(Stored items)
===============

lemma card_gf_tuples: "card (gf_tuples d k) = (2 ^ d) ^ k"
  using card_lists_length_eq[of "{..<2 ^ d :: nat}" k] by (simp add: gf_tuples_def conj_commute)

lemma gf_tuples_two_iff: "as \<in> gf_tuples d 2 \<longleftrightarrow> (\<exists>a0 a1. as = [a0, a1] \<and> a0 < 2 ^ d \<and> a1 < 2 ^ d)"
proof
  assume "as \<in> gf_tuples d 2"
  then have "length as = 2" "set as \<subseteq> {..<2 ^ d}"
    by (auto simp: gf_tuples_def)
  moreover from this(1) obtain a0 a1 where "as = [a0, a1]"
    by (metis length_0_conv length_Suc_conv numeral_2_eq_2)
  ultimately show "\<exists>a0 a1. as = [a0, a1] \<and> a0 < 2 ^ d \<and> a1 < 2 ^ d"
    by auto
qed (auto simp: gf_tuples_def)

lemma gf_eval_pair_bij:
  assumes P: "irreducible P" "degree P = d"
    and xz: "x < 2 ^ d" "z < 2 ^ d" "x \<noteq> z"
  shows "bij_betw (\<lambda>as. (gf_eval P d as x, gf_eval P d as z))
    (gf_tuples d 2) ({..<2 ^ d} \<times> {..<2 ^ d})"
    (is "bij_betw ?F _ _")
proof -
  have inj: "inj_on ?F (gf_tuples d 2)"
  proof (rule inj_onI)
    fix as bs
    assume "as \<in> gf_tuples d 2" "bs \<in> gf_tuples d 2" "?F as = ?F bs"
    then obtain a0 a1 b0 b1 where "as = [a0, a1]" "bs = [b0, b1]"
      "a0 < 2 ^ d" "a1 < 2 ^ d" "b0 < 2 ^ d" "b1 < 2 ^ d"
      "gf_eval P d [a0, a1] x = gf_eval P d [b0, b1] x"
      "gf_eval P d [a0, a1] z = gf_eval P d [b0, b1] z"
      unfolding gf_tuples_two_iff by auto
    then show "as = bs"
      using gf_eval_linear_inj[OF P xz] by blast
  qed
  moreover have "?F ` gf_tuples d 2 \<subseteq> {..<2 ^ d} \<times> {..<2 ^ d}"
    using gf_eval_less by auto
  moreover have "card (?F ` gf_tuples d 2) = card ({..<2 ^ d :: nat} \<times> {..<2 ^ d :: nat})"
    using card_image[OF inj] by (simp add: card_gf_tuples card_cartesian_product power2_eq_square)
  ultimately show ?thesis
    by (simp add: bij_betw_def card_subset_eq)
qed

lemma card_gf_eval_pair_in:
  assumes P: "irreducible P" "degree P = d"
    and xz: "x < 2 ^ d" "z < 2 ^ d" "x \<noteq> z"
    and XZ: "X \<subseteq> {..<2 ^ d}" "Z \<subseteq> {..<2 ^ d}"
  shows "card {as \<in> gf_tuples d 2. gf_eval P d as x \<in> X \<and> gf_eval P d as z \<in> Z} = card X * card Z"
proof -
  let ?F = "\<lambda>as. (gf_eval P d as x, gf_eval P d as z)"
  have "bij_betw ?F {as \<in> gf_tuples d 2. ?F as \<in> X \<times> Z} {w \<in> {..<2 ^ d} \<times> {..<2 ^ d}. w \<in> X \<times> Z}"
    using gf_eval_pair_bij[OF P xz] by (rule bij_betw_Collect) simp
  moreover have "{w \<in> {..<2 ^ d} \<times> {..<2 ^ d}. w \<in> X \<times> Z} = X \<times> Z"
    using XZ by blast
  ultimately show ?thesis
    by (simp add: bij_betw_same_card card_cartesian_product)
qed

lemma bit_less_pow2_imp_less:
  assumes "(y :: nat) < 2 ^ d" "bit y i"
  shows "i < d"
proof -
  have "bit (take_bit d y) i"
    using assms by (metis take_bit_nat_eq_self_iff)
  then show ?thesis
    by (simp add: bit_take_bit_iff)
qed

lemma tz_le:
  assumes "y < 2 ^ d"
  shows "tz d y \<le> d"
proof (cases "y = 0")
  case False
  then obtain i where "bit y i"
    using bit_eq_iff[of y 0] by auto
  then have "(LEAST i. bit y i) < d"
    using bit_less_pow2_imp_less[OF assms] by (meson LeastI)
  then show ?thesis
    using False by (simp add: tz_def)
qed (simp add: tz_def)

lemma le_tz_iff_dvd:
  assumes "y < 2 ^ d" "s \<le> d"
  shows "s \<le> tz d y \<longleftrightarrow> 2 ^ s dvd y"
proof (cases "y = 0")
  case False
  then obtain j where "bit y j"
    using bit_eq_iff[of y 0] by auto
  then have "s \<le> (LEAST i. bit y i) \<longleftrightarrow> (\<forall>i<s. \<not> bit y i)"
    by (metis LeastI not_less not_less_Least order.strict_trans2)
  also have "\<dots> \<longleftrightarrow> take_bit s y = 0"
    by (auto simp: bit_eq_iff bit_take_bit_iff)
  finally show ?thesis
    using False by (simp add: tz_def take_bit_eq_0_iff)
qed (use assms in \<open>simp add: tz_def\<close>)

lemma card_tz_level:
  assumes "s \<le> d"
  shows "card {y \<in> {..<2 ^ d}. s \<le> tz d y} = 2 ^ (d - s)"
proof -
  have pow: "(2 :: nat) ^ d = 2 ^ (d - s) * 2 ^ s"
    using assms by (simp flip: power_add)
  have "{y \<in> {..<2 ^ d}. s \<le> tz d y} = {y \<in> {..<2 ^ d}. 2 ^ s dvd y}"
    using le_tz_iff_dvd[OF _ assms] by auto
  also have "\<dots> = (\<lambda>k. k * 2 ^ s) ` {..<2 ^ (d - s)}"
    using pow by (auto elim!: dvdE simp: mult.commute)
  finally show ?thesis
    by (simp add: card_image inj_on_def)
qed

lemma card_tz_level_pair:
  assumes P: "irreducible P" "degree P = d"
    and xz: "x < 2 ^ d" "z < 2 ^ d" "x \<noteq> z" and "s \<le> d"
  shows "card {as \<in> gf_tuples d 2. s \<le> tz d (gf_eval P d as x) \<and> s \<le> tz d (gf_eval P d as z)}
    = (1 / 2 ^ s)\<^sup>2 * card (gf_tuples d 2)"
proof -
  let ?L = "{y \<in> {..<2 ^ d}. s \<le> tz d y}"
  have levels: "{as \<in> gf_tuples d 2. s \<le> tz d (gf_eval P d as x) \<and> s \<le> tz d (gf_eval P d as z)}
    = {as \<in> gf_tuples d 2. gf_eval P d as x \<in> ?L \<and> gf_eval P d as z \<in> ?L}"
    using gf_eval_less by auto
  have "card {as \<in> gf_tuples d 2. gf_eval P d as x \<in> ?L \<and> gf_eval P d as z \<in> ?L} = card ?L * card ?L"
    by (rule card_gf_eval_pair_in[OF P xz]) auto
  then have "card {as \<in> gf_tuples d 2. s \<le> tz d (gf_eval P d as x) \<and> s \<le> tz d (gf_eval P d as z)}
    = 2 ^ (d - s) * 2 ^ (d - s)"
    by (simp only: levels card_tz_level[OF \<open>s \<le> d\<close>])
  then show ?thesis
    using \<open>s \<le> d\<close> by (simp add: card_gf_tuples power_diff[of "2 :: real"] power2_eq_square)
qed

lemma card_tz_level_single:
  assumes P: "irreducible P" "degree P = d"
    and "x < 2 ^ d" "s \<le> d"
  shows "card {as \<in> gf_tuples d 2. s \<le> tz d (gf_eval P d as x)} = 1 / 2 ^ s * card (gf_tuples d 2)"
proof -
  let ?L = "{y \<in> {..<2 ^ d}. s \<le> tz d y}"
  define z :: nat where "z = (if x = 0 then 1 else 0)"
  have "(1 :: nat) < 2 ^ d"
    using irreducible_imp_degree_pos[OF P(1)] P(2) by (intro one_less_power) auto
  then have z: "z < 2 ^ d" "x \<noteq> z"
    by (auto simp: z_def)
  have level: "{as \<in> gf_tuples d 2. s \<le> tz d (gf_eval P d as x)}
    = {as \<in> gf_tuples d 2. gf_eval P d as x \<in> ?L \<and> gf_eval P d as z \<in> {..<2 ^ d}}"
    using gf_eval_less by auto
  have "card {as \<in> gf_tuples d 2. gf_eval P d as x \<in> ?L \<and> gf_eval P d as z \<in> {..<2 ^ d}}
    = card ?L * card {..<2 ^ d :: nat}"
    by (rule card_gf_eval_pair_in[OF P \<open>x < 2 ^ d\<close> z]) auto
  then have "card {as \<in> gf_tuples d 2. s \<le> tz d (gf_eval P d as x)} = 2 ^ (d - s) * 2 ^ d"
    by (simp only: level card_tz_level[OF \<open>s \<le> d\<close>] card_lessThan)
  then show ?thesis
    using \<open>s \<le> d\<close> by (simp add: card_gf_tuples power_diff[of "2 :: real"] power2_eq_square)
qed

lemma set_pmf_hash_G_le: "f \<in> set_pmf (hash_G P d k) \<Longrightarrow> f x \<le> d"
  by (auto simp: hash_G_def intro: tz_le gf_eval_less)

lemma measure_hash_G:
  "measure_pmf.prob (hash_G P d k) X
    = card {as \<in> gf_tuples d k. (\<lambda>x. tz d (gf_eval P d as x)) \<in> X} / card (gf_tuples d k)"
proof -
  have "gf_tuples d k \<noteq> {}"
    using card_gf_tuples[of d k] by (metis card.empty power_not_zero zero_neq_numeral)
  then show ?thesis
    by (simp add: hash_G_def coeff_tuples_eq_pmf_of_set measure_pmf_of_set finite_gf_tuples
        vimage_def Int_def)
qed

section \<open>Chebyshev bound for pairwise independent indicators\<close>

lemma sum_centered_indicator_products:
  fixes P Q :: "'t \<Rightarrow> bool" and p :: real
  assumes "finite T"
  shows "(\<Sum>t\<in>T. (of_bool (P t) - p) * (of_bool (Q t) - p))
    = card {t \<in> T. P t \<and> Q t} - p * card {t \<in> T. P t} - p * card {t \<in> T. Q t} + p\<^sup>2 * card T"
proof -
  have "(\<Sum>t\<in>T. (of_bool (P t) - p) * (of_bool (Q t) - p))
      = (\<Sum>t\<in>T. of_bool (P t \<and> Q t) - p * of_bool (P t) - p * of_bool (Q t) + p\<^sup>2)"
    by (intro sum.cong) (auto simp: algebra_simps power2_eq_square)
  then show ?thesis
    using assms by (simp add: sum.distrib sum_subtractf sum_distrib_left[symmetric] Int_def)
qed

lemma sum_sq_deviation_pairwise_le:
  fixes I :: "'a \<Rightarrow> 't \<Rightarrow> bool" and p :: real
  assumes fin: "finite T" "finite A"
    and single: "\<And>a. a \<in> A \<Longrightarrow> card {t \<in> T. I a t} = p * card T"
    and pair: "\<And>a b. a \<in> A \<Longrightarrow> b \<in> A \<Longrightarrow> a \<noteq> b \<Longrightarrow> card {t \<in> T. I a t \<and> I b t} = p\<^sup>2 * card T"
  shows "(\<Sum>t\<in>T. (card {a \<in> A. I a t} - card A * p)\<^sup>2) \<le> card A * p * card T"
proof -
  define X where "X a t = (of_bool (I a t) :: real) - p" for a t
  define cov where "cov a b = (\<Sum>t\<in>T. X a t * X b t)" for a b
  have cov_offdiag: "cov a b = 0" if "a \<in> A" "b \<in> A" "a \<noteq> b" for a b
    using that fin(1)
    by (simp add: cov_def X_def sum_centered_indicator_products single pair power2_eq_square)
  have cov_row: "(\<Sum>b\<in>A. cov a b) = cov a a" if "a \<in> A" for a
  proof -
    have "(\<Sum>b\<in>A - {a}. cov a b) = 0"
      using that cov_offdiag by (intro sum.neutral) auto
    then show ?thesis
      using fin(2) that by (simp add: sum.remove)
  qed
  have cov_diag: "cov a a = p * card T - p\<^sup>2 * card T" if "a \<in> A" for a
    using that fin(1)
    by (simp add: cov_def X_def sum_centered_indicator_products single power2_eq_square)
  have "(card {a \<in> A. I a t} - card A * p) = (\<Sum>a\<in>A. X a t)" for t
    using fin(2) by (simp add: X_def sum_subtractf Int_def)
  then have "(\<Sum>t\<in>T. (card {a \<in> A. I a t} - card A * p)\<^sup>2) = (\<Sum>t\<in>T. \<Sum>a\<in>A. \<Sum>b\<in>A. X a t * X b t)"
    by (simp add: power2_eq_square sum_product)
  also have "\<dots> = (\<Sum>a\<in>A. \<Sum>t\<in>T. \<Sum>b\<in>A. X a t * X b t)"
    by (rule sum.swap)
  also have "\<dots> = (\<Sum>a\<in>A. \<Sum>b\<in>A. cov a b)"
    unfolding cov_def by (intro sum.cong refl sum.swap)
  also have "\<dots> = (\<Sum>a\<in>A. cov a a)"
    by (intro sum.cong refl cov_row)
  also have "\<dots> \<le> (\<Sum>a\<in>A. p * card T)"
    by (intro sum_mono) (simp add: cov_diag)
  finally show ?thesis
    by simp
qed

===============

### [Instructions for the task]
Repeat, word for word, the lines from the start of the records to the line that contains "d 2 \<subseteq>", both of them included, and no others.

### [Response for this exercise]
lemma card_gf_tuples: "card (gf_tuples d k) = (2 ^ d) ^ k"
  using card_lists_length_eq[of "{..<2 ^ d :: nat}" k] by (simp add: gf_tuples_def conj_commute)

lemma gf_tuples_two_iff: "as \<in> gf_tuples d 2 \<longleftrightarrow> (\<exists>a0 a1. as = [a0, a1] \<and> a0 < 2 ^ d \<and> a1 < 2 ^ d)"
proof
  assume "as \<in> gf_tuples d 2"
  then have "length as = 2" "set as \<subseteq> {..<2 ^ d}"
    by (auto simp: gf_tuples_def)
  moreover from this(1) obtain a0 a1 where "as = [a0, a1]"
    by (metis length_0_conv length_Suc_conv numeral_2_eq_2)
  ultimately show "\<exists>a0 a1. as = [a0, a1] \<and> a0 < 2 ^ d \<and> a1 < 2 ^ d"
    by auto
qed (auto simp: gf_tuples_def)

lemma gf_eval_pair_bij:
  assumes P: "irreducible P" "degree P = d"
    and xz: "x < 2 ^ d" "z < 2 ^ d" "x \<noteq> z"
  shows "bij_betw (\<lambda>as. (gf_eval P d as x, gf_eval P d as z))
    (gf_tuples d 2) ({..<2 ^ d} \<times> {..<2 ^ d})"
    (is "bij_betw ?F _ _")
proof -
  have inj: "inj_on ?F (gf_tuples d 2)"
  proof (rule inj_onI)
    fix as bs
    assume "as \<in> gf_tuples d 2" "bs \<in> gf_tuples d 2" "?F as = ?F bs"
    then obtain a0 a1 b0 b1 where "as = [a0, a1]" "bs = [b0, b1]"
      "a0 < 2 ^ d" "a1 < 2 ^ d" "b0 < 2 ^ d" "b1 < 2 ^ d"
      "gf_eval P d [a0, a1] x = gf_eval P d [b0, b1] x"
      "gf_eval P d [a0, a1] z = gf_eval P d [b0, b1] z"
      unfolding gf_tuples_two_iff by auto
    then show "as = bs"
      using gf_eval_linear_inj[OF P xz] by blast
  qed
  moreover have "?F ` gf_tuples d 2 \<subseteq> {..<2 ^ d} \<times> {..<2 ^ d}"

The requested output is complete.